**PROVIDED MATERIAL:**
lemma canonical_extension_iff:
  assumes sys: "coin_system (D @ [A, b, 2 * b - D ! 1])" and len: "1 < length D"
  shows "(canonical (D @ [A, b, 2 * b - D ! 1]) \<and> \<not> canonical (D @ [A, b])) \<longleftrightarrow>
    D = [1..<Suc (length D)] \<and> b = Suc A \<and> Suc (length D) < A"
proof
  assume "canonical (D @ [A, b, 2 * b - D ! 1]) \<and> \<not> canonical (D @ [A, b])"
  then have b: "b = Suc A" and "2 < grd (D @ [A, Suc A]) (2 * A)"
    and "\<forall>v<2 * A. grd (D @ [A, Suc A]) v \<le> opt (D @ [A, Suc A]) v"
    using top_coins_if_canonical_extension[OF sys len] by auto
  moreover have "coin_system (D @ [A, Suc A])"
    using coin_system_appendD[of "D @ [A, b]" "[2 * b - D ! 1]"] sys b by simp
  moreover have "D \<noteq> []" using len by auto
  ultimately show "D = [1..<Suc (length D)] \<and> b = Suc A \<and> Suc (length D) < A"
    using upt_prefix_if_least_counterexample_double[of D A] by blast
next
  assume R: "D = [1..<Suc (length D)] \<and> b = Suc A \<and> Suc (length D) < A"
  define m where "m = length D"
  have D: "D = [1..<Suc m]" and b: "b = Suc A" and "Suc m < A" "2 \<le> m"
    using R len unfolding m_def by auto
  then have "D @ [A, b, 2 * b - D ! 1] = [1..<Suc m] @ [A, Suc A, 2 * A]"
    by (simp add: nth_upt)
  then show "canonical (D @ [A, b, 2 * b - D ! 1]) \<and> \<not> canonical (D @ [A, b])"
    using canonical_upto_pair_double[of m A] not_canonical_upto_pair[of m A] D b
      \<open>Suc m < A\<close> \<open>2 \<le> m\<close> by simp
qed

**TASK INSTRUCTIONS:** The line with "v \<le> opt" through the last line of the data: write these out exactly, and no others.

**RESULT BELOW:**
    and "\<forall>v<2 * A. grd (D @ [A, Suc A]) v \<le> opt (D @ [A, Suc A]) v"
    using top_coins_if_canonical_extension[OF sys len] by auto
  moreover have "coin_system (D @ [A, Suc A])"
    using coin_system_appendD[of "D @ [A, b]" "[2 * b - D ! 1]"] sys b by simp
  moreover have "D \<noteq> []" using len by auto
  ultimately show "D = [1..<Suc (length D)] \<and> b = Suc A \<and> Suc (length D) < A"
    using upt_prefix_if_least_counterexample_double[of D A] by blast
next
  assume R: "D = [1..<Suc (length D)] \<and> b = Suc A \<and> Suc (length D) < A"
  define m where "m = length D"
  have D: "D = [1..<Suc m]" and b: "b = Suc A" and "Suc m < A" "2 \<le> m"
    using R len unfolding m_def by auto
  then have "D @ [A, b, 2 * b - D ! 1] = [1..<Suc m] @ [A, Suc A, 2 * A]"
    by (simp add: nth_upt)
  then show "canonical (D @ [A, b, 2 * b - D ! 1]) \<and> \<not> canonical (D @ [A, b])"
    using canonical_upto_pair_double[of m A] not_canonical_upto_pair[of m A] D b
      \<open>Suc m < A\<close> \<open>2 \<le> m\<close> by simp
qed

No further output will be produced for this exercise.